How much weight will a French cleat support? Planning on attaching a 48" shelf. The cleat will be made from MDF, but accepting suggestions there. Will be attached to studs 16" on center. Any experience with metal Z clips as an option? There will be some corbels at each end to help keep shelf from tipping forward.


----------



## GeorgeC (Jul 30, 2008)

The strength is directly proportional to the size of the boards used to make the clear. And how well you have the part on the wall fastened to the studs.


If the shelf is strongly fastened to its half of the cleat, the cleat will hold far more weight than you could reasonable place on one shelf.

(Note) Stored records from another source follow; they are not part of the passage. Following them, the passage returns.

lemma derivative_coercive_of_strongly_monotone:
  fixes G :: "'a::real_inner \<Rightarrow> 'a"
  assumes mono: "\<And>x y. C * (norm (y - x))\<^sup>2 \<le> (G y - G x) \<bullet> (y - x)"
    and deriv: "(G has_derivative G') (at x)"
  shows "C * (norm v)\<^sup>2 \<le> v \<bullet> G' v"
proof -
  have "((\<lambda>h. - (G (x + h *\<^sub>R v) \<bullet> v)) has_real_derivative - (G' v \<bullet> v)) (at 0)"
    using bounded_linear.has_vector_derivative[OF bounded_linear_inner_left
        has_vector_derivative_along_line[OF deriv], THEN has_vector_derivative_minus]
    by (simp add: has_real_derivative_iff_has_vector_derivative)
  moreover have "- (G (x + h *\<^sub>R v) \<bullet> v) - - (G (x + 0 *\<^sub>R v) \<bullet> v) \<le> h * - (C * (norm v)\<^sup>2)"
    if h: "h > 0" for h
  proof -
    have "C * (norm (h *\<^sub>R v))\<^sup>2 \<le> (G (x + h *\<^sub>R v) - G x) \<bullet> (h *\<^sub>R v)"
      using mono[where x = x and y = "x + h *\<^sub>R v"] by (simp only: add_diff_cancel_left')
    moreover have "(norm (h *\<^sub>R v))\<^sup>2 = h * (h * (norm v)\<^sup>2)"
      using h by (simp add: power2_eq_square)
    ultimately have "h * (h * (C * (norm v)\<^sup>2)) \<le> h * ((G (x + h *\<^sub>R v) - G x) \<bullet> v)"
      by (simp add: mult_ac)
    then have "h * (C * (norm v)\<^sup>2) \<le> (G (x + h *\<^sub>R v) - G x) \<bullet> v"
      using h by simp
    then show ?thesis
      by (simp add: inner_diff_left)
  qed
  ultimately have "- (G' v \<bullet> v) \<le> - (C * (norm v)\<^sup>2)"
    by (rule has_real_derivative_le_of_increments_le)
  then show ?thesis
    by (simp add: inner_commute)
qed

lemma derivative_bounded_of_lipschitz:
  fixes G :: "'a::real_inner \<Rightarrow> 'a"
  assumes lipschitz: "\<And>x y. norm (G x - G y) \<le> L * norm (x - y)"
    and deriv: "(G has_derivative G') (at x)"
  shows "norm (G' v) \<le> L * norm v"
proof -
  have "((\<lambda>h. G (x + h *\<^sub>R v) \<bullet> G' v) has_real_derivative G' v \<bullet> G' v) (at 0)"
    using bounded_linear.has_vector_derivative[OF bounded_linear_inner_left
        has_vector_derivative_along_line[OF deriv]]
    by (simp add: has_real_derivative_iff_has_vector_derivative)
  moreover have "G (x + h *\<^sub>R v) \<bullet> G' v - G (x + 0 *\<^sub>R v) \<bullet> G' v \<le> h * (L * norm v * norm (G' v))"
    if h: "h > 0" for h
  proof -
    have "(G (x + h *\<^sub>R v) - G x) \<bullet> G' v \<le> norm (G (x + h *\<^sub>R v) - G x) * norm (G' v)"
      by (rule norm_cauchy_schwarz)
    also have "\<dots> \<le> L * (h * norm v) * norm (G' v)"
      using lipschitz[of "x + h *\<^sub>R v" x] h by (simp add: mult_right_mono)
    finally show ?thesis
      by (simp add: inner_diff_left algebra_simps)
  qed
  ultimately have "(norm (G' v))\<^sup>2 \<le> L * norm v * norm (G' v)"
    using has_real_derivative_le_of_increments_le by (simp add: power2_norm_eq_inner)
  then have square: "norm (G' v) * norm (G' v) \<le> (L * norm v) * norm (G' v)"
    by (simp add: power2_eq_square)
  show ?thesis
  proof (cases "G' v = 0")
    case True
    then show ?thesis
      using order_trans[OF norm_ge_zero lipschitz[of "x + v" x]] by simp
  next
    case False
    then show ?thesis
      using mult_right_le_imp_le[OF square] by simp
  qed
qed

You will be fastening to 4 studs. You could probably make a setup that would hold 1,000 pounds.


George


----------



## difalkner (Nov 27, 2011)

I put a French cleat around the 3 available walls of our shop and I used 1x6's with 3" long screws into each stud. My guess is it will hold a LOT of weight.

David


----------



## Tool Agnostic (Aug 13, 2017)

I have been looking at French cleats as well. 

I would not use or recommend MDF for French cleats. I can think of several ways for them to fail, including giving them time under load. 

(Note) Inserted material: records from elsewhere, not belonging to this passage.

(* Let $(E,\mu)$ and $(F,\nu)$ be fuzzy Riesz spaces and $T:E\rightarrow F$ a fuzzy Riesz homomorphism. Then the image under $T$ of a fuzzy projection band in $E$ is a fuzzy projection band in $T(E)$.
   Context: A fuzzy order on a real vector space $E$ is a map $\mu:E\times E\to[0,1]$ with $\mu(x,x)=1$; $\mu(x,y)+\mu(y,x)>1$ implies $x=y$; and $\mu(x,z)\ge\sup_{y}\min(\mu(x,y),\mu(y,z))$. Write $x\le y$ for $\mu(x,y)>\frac12$; suprema/infima are taken with respect to this relation. $(E,\mu)$ is a fuzzy ordered linear space if $\mu(x_1,x_2)>\frac12$ implies $\mu(x_1,x_2)\le\mu(x_1+x,x_2+x)$ for all $x$ and $\mu(x_1,x_2)\le\mu(\alpha x_1,\alpha x_2)$ for all $\alpha>0$; it is a fuzzy Riesz space if $x\vee y=\sup\{x,y\}$ and $x\wedge y=\inf\{x,y\}$ exist for all $x,y$. $|x|=x\vee(-x)$. A fuzzy ideal is a vector subspace $A$ such that $\mu(|x|,|y|)>\frac12$ and $y\in A$ imply $x\in A$. A fuzzy band is a fuzzy ideal $B$ such that whenever $D\subseteq B$ and $\sup D$ exists in the space, $\sup D\in B$. $x\perp y$ means $|x|\wedge|y|=0$, and $B^d=\{x: x\perp y\ \forall y\in B\}$. A fuzzy projection band is a fuzzy band $B$ with $E=B\oplus B^d$. A fuzzy Riesz homomorphism is a linear map with $T(x\vee y)=Tx\vee Ty$; $T(E)$ is a fuzzy Riesz subspace of $F$ regarded as a fuzzy Riesz space with the restricted order. *)

theory Defs
  imports Complex_Main
begin

text \<open>All notions are relativised to a carrier set V (a linear subspace of a real
vector space); the whole space is V = UNIV, and the image space T(E) is V = range T
with the restricted fuzzy order.\<close>

definition fuzzy_order :: "'a set \<Rightarrow> ('a \<Rightarrow> 'a \<Rightarrow> real) \<Rightarrow> bool" where
  "fuzzy_order V \<mu> \<longleftrightarrow>
     (\<forall>x\<in>V. \<forall>y\<in>V. 0 \<le> \<mu> x y \<and> \<mu> x y \<le> 1) \<and>
     (\<forall>x\<in>V. \<mu> x x = 1) \<and>
     (\<forall>x\<in>V. \<forall>y\<in>V. \<mu> x y + \<mu> y x > 1 \<longrightarrow> x = y) \<and>
     (\<forall>x\<in>V. \<forall>z\<in>V. \<mu> x z \<ge> (SUP y\<in>V. min (\<mu> x y) (\<mu> y z)))"

definition fle :: "('a \<Rightarrow> 'a \<Rightarrow> real) \<Rightarrow> 'a \<Rightarrow> 'a \<Rightarrow> bool" where
  "fle \<mu> x y \<longleftrightarrow> \<mu> x y > 1/2"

I plan to use hardwood boards for my French cleats, because they are stronger than plywood (even Baltic Birch). I just bought a few maple boards, but have not put them up.


----------



## difalkner (Nov 27, 2011)

You can see part of our French cleat in this photo. It's actually dead straight and level but the panorama photo makes it look a bit odd - 

Ferrari Red and Black French cleat - 








David


----------



## ortho1121 (Mar 29, 2016)

*follow-up*

Thanks for all the help. Any comments or experience with the various metal clips (Z clips) used for this purpose? They seem quite simple to use.


----------



## gj13us (Apr 19, 2016)

ortho1121 said:


> How much weight will a French cleat support?

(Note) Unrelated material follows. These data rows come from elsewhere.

lemma adjoint_l1_scale:
  assumes A: "bounded_linear_c0 A" and adj: "is_adjoint_l1 A Astar" and u: "u \<in> ell1"
  shows "Astar (\<lambda>i. t * u i) = t *\<^sub>R Astar u"
proof -
  have "Astar (\<lambda>i. t * u i) \<bullet> z = (t *\<^sub>R Astar u) \<bullet> z" for z
  proof -
    have "Astar (\<lambda>i. t * u i) \<bullet> z = (\<Sum>i. t * (u i * A z i))"
      using adj ell1_scale[OF u] unfolding is_adjoint_l1_def by (simp add: ac_simps)
    also have "\<dots> = t * (\<Sum>i. u i * A z i)"
      using summable_mult_bounded_linear_c0[OF A u] by (rule suminf_mult)
    also have "\<dots> = (t *\<^sub>R Astar u) \<bullet> z"
      using adj u unfolding is_adjoint_l1_def by simp
    finally show ?thesis .
  qed
  then show ?thesis using vector_eq_rdot by blast
qed

lemma inner_adjoint_l1_unit_seq:
  assumes "is_adjoint_l1 A Astar"
  shows "Astar (unit_seq i) \<bullet> z = A z i"
  using assms unit_seq_ell1 sums_unique[OF unit_seq_sums]
  unfolding is_adjoint_l1_def by metis

section \<open>The value function of the constrained problem\<close>

definition feasible_data :: "((nat \<Rightarrow> real) \<Rightarrow> 'h::real_inner) \<Rightarrow> 'h set \<Rightarrow> 'h set" where
  "feasible_data Astar Hn = {y \<in> Hn. \<exists>u\<in>ell1. constraint Astar Hn y u}"

definition min_l1_value :: "((nat \<Rightarrow> real) \<Rightarrow> 'h::real_inner) \<Rightarrow> 'h set \<Rightarrow> 'h \<Rightarrow> real" where
  "min_l1_value Astar Hn y = Inf (l1norm ` {u \<in> ell1. constraint Astar Hn y u})"

lemma min_l1_value_le:
  "u \<in> ell1 \<Longrightarrow> constraint Astar Hn y u \<Longrightarrow> min_l1_value Astar Hn y \<le> l1norm u"
  unfolding min_l1_value_def
  by (rule cInf_lower) (auto intro: bdd_belowI[of _ 0] l1norm_nonneg)

lemma min_l1_value_greatest:
  assumes "u \<in> ell1" "constraint Astar Hn y u"
    and "\<And>v. v \<in> ell1 \<Longrightarrow> constraint Astar Hn y v \<Longrightarrow> c \<le> l1norm v"
  shows "c \<le> min_l1_value Astar Hn y"
  unfolding min_l1_value_def using assms by (intro cInf_greatest) auto

context
  fixes A :: "'h::real_inner \<Rightarrow> nat \<Rightarrow> real" and Astar and Hn :: "'h set"
  assumes A: "bounded_linear_c0 A" and adj: "is_adjoint_l1 A Astar"
begin

lemma constraint_add:
  assumes "u \<in> ell1" "v \<in> ell1" "constraint Astar Hn x u" "constraint Astar Hn y v"
  shows "constraint Astar Hn (x + y) (\<lambda>i. u i + v i)"
  using assms adjoint_l1_add[OF A adj] unfolding constraint_def by (simp add: inner_add_right)

lemma constraint_scale:
  assumes "u \<in> ell1" "constraint Astar Hn x u"
  shows "constraint Astar Hn (t *\<^sub>R x) (\<lambda>i. t * u i)"
  using assms adjoint_l1_scale[OF A adj] unfolding constraint_def by simp

lemma constraint_zero: "constraint Astar Hn 0 (\<lambda>_. 0)"
  using adj zero_ell1 unfolding is_adjoint_l1_def constraint_def by (simp add: inner_commute)

lemma subspace_feasible_data:
  assumes "subspace Hn"
  shows "subspace (feasible_data Astar Hn)"
  unfolding subspace_def feasible_data_def
proof (intro conjI ballI allI)
  show "0 \<in> {y \<in> Hn. \<exists>u\<in>ell1. constraint Astar Hn y u}"
    using assms constraint_zero zero_ell1 by (auto simp: subspace_0)
next
  fix x y assume "x \<in> {y \<in> Hn. \<exists>u\<in>ell1. constraint Astar Hn y u}"
    "y \<in> {y \<in> Hn. \<exists>u\<in>ell1. constraint Astar Hn y u}"
  then show "x + y \<in> {y \<in> Hn. \<exists>u\<in>ell1. constraint Astar Hn y u}"
    using assms constraint_add ell1_add by (fastforce simp: subspace_add)
next
  fix c x assume "x \<in> {y \<in> Hn. \<exists>u\<in>ell1. constraint Astar Hn y u}"
  then show "c *\<^sub>R x \<in> {y \<in> Hn. \<exists>u\<in>ell1. constraint Astar Hn y u}"
    using assms constraint_scale ell1_scale by (fastforce simp: subspace_scale)
qed

lemma min_l1_value_zero: "min_l1_value Astar Hn 0 = 0"
proof (rule antisym)
  show "min_l1_value Astar Hn 0 \<le> 0"
    using min_l1_value_le[OF zero_ell1 constraint_zero] by (simp add: l1norm_def)
  show "0 \<le> min_l1_value Astar Hn 0"
    using min_l1_value_greatest[OF zero_ell1 constraint_zero] l1norm_nonneg by blast
qed
(* Let $r\ge 2$ and let $GT(r)$ be the glued binary tree of depth $r$, built from the two copies $T_r^{(1)}$ and $T_r^{(2)}$ of the perfect binary tree of depth $r$. For each $i\in\{1,2\}$, the subgraph of $GT(r)$ induced by $V(T_r^{(i)})$ is an isometric subgraph of $GT(r)$. Moreover, if $u,v\in V(T_r^{(i)})$, then in $GT(r)$ there are exactly two shortest $u,v$-paths if $u$ and $v$ are both quasi-leaves, and otherwise the shortest $u,v$-path is unique.
   Context: A perfect binary tree of depth $r\ge1$ is a rooted tree in which every non-leaf vertex has exactly $2$ children and all leaves have depth $r$. The glued binary tree $GT(r)$ is obtained from two copies $T_r^{(1)}$ and $T_r^{(2)}$ of the perfect binary tree of depth $r$ by pairwise identifying their leaves, where each leaf of $T_r^{(1)}$ is identified with its image in $T_r^{(2)}$ under a fixed isomorphism of the two copies. The identified vertices are the quasi-leaves of $GT(r)$; thus the set of quasi-leaves is $V(T_r^{(1)})\cap V(T_r^{(2)})$. A subgraph $H$ of $G$ is isometric if $d_H(u,v)=d_G(u,v)$ for all $u,v\in V(H)$. *)

theory Defs
  imports Main "HOL-Library.Extended_Nat"
begin

definition adj :: "('v \<times> 'v) set \<Rightarrow> 'v \<Rightarrow> 'v \<Rightarrow> bool" where
  "adj E x y \<longleftrightarrow> (x, y) \<in> E \<or> (y, x) \<in> E"

definition walk :: "'v set \<Rightarrow> ('v \<times> 'v) set \<Rightarrow> 'v list \<Rightarrow> bool" where
  "walk V E xs \<longleftrightarrow> xs \<noteq> [] \<and> set xs \<subseteq> V \<and>
     (\<forall>i. Suc i < length xs \<longrightarrow> adj E (xs ! i) (xs ! Suc i))"

definition gpath :: "'v set \<Rightarrow> ('v \<times> 'v) set \<Rightarrow> 'v list \<Rightarrow> bool" where
  "gpath V E xs \<longleftrightarrow> walk V E xs \<and> distinct xs"

text \<open>Distance (infinite if no walk exists); the length of a walk is its number of edges.\<close>
definition gdist :: "'v set \<Rightarrow> ('v \<times> 'v) set \<Rightarrow> 'v \<Rightarrow> 'v \<Rightarrow> enat" where
  "gdist V E u v = (INF xs \<in> {xs. walk V E xs \<and> hd xs = u \<and> last xs = v}. enat (length xs - 1))"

How much weight do you need it to support?


----------



## ortho1121 (Mar 29, 2016)

Between 75-100 lbs.


----------



## FrankC (Aug 24, 2012)

A French cleat does not add any additional strength, it will hold as much weight as the fasteners in each half will support. It is basically a convenient way to hang something such as a cabinet or framed mirror on a wall.


----------